┌──

(* Let $X_1, X_2, \ldots$ be independent random variables, each uniformly distributed on $[-1,1]$, and fix $\varepsilon > 0$. For $t \ge 0$ and $z \in \mathbb{R}$, let $f_t(z) = 1$ if there exists $S \subseteq \{1,\dots,t\}$ with $\lvert z - \sum_{i \in S} X_i \rvert < \varepsilon$, and $f_t(z) = 0$ otherwise; let $v_t = \frac{1}{2}\int_{-1}^{1} f_t(z)\,\mathrm{d}z$, and let $\tau_1 = \min\{t \ge 0 : v_t > 1/2\}$. Given $\beta \in (0, 1/8)$, let $p_\beta = 1 - \frac{7}{8(1-\beta)}$. Then for all integers $0 \le t < \tau_1$, $$\Pr\left[v_{t+1} \ge v_t(1+\beta) \,\middle|\, X_1,\dots,X_t,\ t < \tau_1\right] \ge p_\beta.$$
   Context: $f_t$ is the indicator that $z$ can be approximated to within error strictly less than $\varepsilon$ by a subset sum of the first $t$ variables (the empty sum being $0$); $v_t$ is the fraction of $[-1,1]$ so approximated; $\tau_1$ is the first time this fraction exceeds $1/2$. *)

theory Defs
  imports "HOL-Probability.Probability"
begin

text \<open>A realisation of the variables is a sequence x :: nat => real; x i is the
  value of X_i (indices start at 1).\<close>

definition approx_ind :: "real \<Rightarrow> nat \<Rightarrow> (nat \<Rightarrow> real) \<Rightarrow> real \<Rightarrow> real" where
  "approx_ind eps t x z =
     (if \<exists>S. S \<subseteq> {1..t} \<and> \<bar>z - (\<Sum>i\<in>S. x i)\<bar> < eps then 1 else 0)"

definition vfrac :: "real \<Rightarrow> nat \<Rightarrow> (nat \<Rightarrow> real) \<Rightarrow> real" where
  "vfrac eps t x = (1/2) * (\<integral>z\<in>{-1..1}. approx_ind eps t x z \<partial>lborel)"

definition tau1 :: "real \<Rightarrow> (nat \<Rightarrow> real) \<Rightarrow> enat" where
  "tau1 eps x = (if \<exists>t. vfrac eps t x > 1/2
                 then enat (LEAST t. vfrac eps t x > 1/2) else \<infinity>)"

definition p_beta :: "real \<Rightarrow> real" where
  "p_beta \<beta> = 1 - 7 / (8 * (1 - \<beta>))"

end

theory Submission
  imports Defs
begin

text \<open>Let A be the set of points approximable after t steps, B = A \<inter> [-1,1] and
  M = |B| = 2 v_t \<le> 1. Adding the value y covers at least the new points ([-1,1] - B) \<inter> (y + B),
  of measure g(y) = shift_gain B y \<le> M. Counting the pairs (y, w) with w \<in> B and
  w + y \<in> [-1,1] - B in both orders gives \<integral>_[-1,1] g \<ge> \<integral>_B (2 - |w| - M) dw, and the bathtub
  principle \<integral>_B |w| dw \<le> M - M^2/4 turns this into \<integral>_[-1,1] g \<ge> M/4. Since g \<le> M, a reverse
  Markov inequality shows g \<ge> \<beta> M on a set of measure at least (1/4 - 2\<beta>)/(1 - \<beta>), i.e. of
  probability at least p_\<beta>.\<close>

lemma image_plus_eq_vimage:
  fixes S :: "'a::ab_group_add set"
  shows "(+) c ` S = (+) (- c) -` S"
  by (force simp: image_iff algebra_simps)
inductive step :: "'v conf \<Rightarrow> ennreal \<Rightarrow> 'v conf mdist \<Rightarrow> bool" where
  skip: "step (Act Skip \<sigma>) 0 (mpoint 1 (Fin \<sigma>))"
| tick: "step (Act (Tick r) \<sigma>) (ennreal (of_rat r)) (mpoint 1 (Fin \<sigma>))"
| halt: "step (Act Halt \<sigma>) 0 (mpoint 1 Bot)"
| sample: "step (Act (Sample x d) \<sigma>) 0 (msample \<sigma> x d)"
| if_t: "psi \<sigma> \<and> phi \<sigma> \<Longrightarrow> step (Act (If psi phi C D) \<sigma>) 0 (mpoint 1 (Act C \<sigma>))"
| if_f: "psi \<sigma> \<and> \<not> phi \<sigma> \<Longrightarrow> step (Act (If psi phi C D) \<sigma>) 0 (mpoint 1 (Act D \<sigma>))"
| if_bot: "\<not> psi \<sigma> \<Longrightarrow> step (Act (If psi phi C D) \<sigma>) 0 (mpoint 1 Bot)"
| while_t: "psi \<sigma> \<and> phi \<sigma> \<Longrightarrow>
     step (Act (While psi phi C) \<sigma>) 0 (mpoint 1 (Act (Seq C (While psi phi C)) \<sigma>))"
| while_f: "psi \<sigma> \<and> \<not> phi \<sigma> \<Longrightarrow> step (Act (While psi phi C) \<sigma>) 0 (mpoint 1 (Fin \<sigma>))"
| while_bot: "\<not> psi \<sigma> \<Longrightarrow> step (Act (While psi phi C) \<sigma>) 0 (mpoint 1 Bot)"
| ndet_l: "step (Act (NDet C D) \<sigma>) 0 (mpoint 1 (Act C \<sigma>))"
| ndet_r: "step (Act (NDet C D) \<sigma>) 0 (mpoint 1 (Act D \<sigma>))"
| pchoice: "step (Act (PChoice C p D) \<sigma>) 0 (madd (mpoint p (Act C \<sigma>)) (mpoint (1 - p) (Act D \<sigma>)))"
| seq: "step (Act C \<sigma>) r \<mu> \<Longrightarrow> step (Act (Seq C D) \<sigma>) r (mmap (kappa D) \<mu>)"

text \<open>Lifted one-step relation; countable index sets are subsets of nat.\<close>
inductive lstep :: "'v conf mdist \<Rightarrow> ennreal \<Rightarrow> 'v conf mdist \<Rightarrow> bool" where
  refl: "is_mdist \<mu> \<Longrightarrow> lstep \<mu> 0 \<mu>"
| single: "step \<gamma> w \<mu> \<Longrightarrow> lstep (mpoint 1 \<gamma>) w \<mu>"
| union: "\<lbrakk> \<forall>i\<in>I. lstep (\<mu> i) (w i) (\<nu> i); \<forall>i\<in>I. 0 < p i;
           (\<integral>\<^sup>+ i. ennreal (p i) \<partial>count_space I) \<le> 1 \<rbrakk> \<Longrightarrow>
         lstep (munion I (\<lambda>i. mscale (p i) (\<mu> i)))
               (\<integral>\<^sup>+ i. ennreal (p i) * w i \<partial>count_space I)
               (munion I (\<lambda>i. mscale (p i) (\<nu> i)))"

inductive msteps :: "'v conf mdist \<Rightarrow> ennreal \<Rightarrow> 'v conf mdist \<Rightarrow> bool" where
  refl: "msteps \<mu> 0 \<mu>"
| single: "lstep \<mu> w \<nu> \<Longrightarrow> msteps \<mu> w \<nu>"
| trans: "msteps \<mu> w1 \<mu>' \<Longrightarrow> msteps \<mu>' w2 \<nu> \<Longrightarrow> msteps \<mu> (w1 + w2) \<nu>"

definition ec :: "'v cmd \<Rightarrow> 'v store \<Rightarrow> ennreal" where
  "ec C \<sigma> = Sup {w. \<exists>\<mu>. msteps (mpoint 1 (Act C \<sigma>)) w \<mu>}"

definition ev :: "'v cmd \<Rightarrow> 'v store \<Rightarrow> 'v expec \<Rightarrow> ennreal" where
  "ev C \<sigma> f = Sup {expect (restrict_md \<mu> (range Fin)) (\<lambda>c. case c of Fin \<tau> \<Rightarrow> f \<tau> | _ \<Rightarrow> 0)
                   | \<mu>. \<exists>w. msteps (mpoint 1 (Act C \<sigma>)) w \<mu>}"

end

theory Submission
  imports Defs
begin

└──

▶ [The task]
Copy out each line of the entries where the word "mscale" is found.

▶ [Exercise solution]
         lstep (munion I (\<lambda>i. mscale (p i) (\<mu> i)))
               (munion I (\<lambda>i. mscale (p i) (\<nu> i)))"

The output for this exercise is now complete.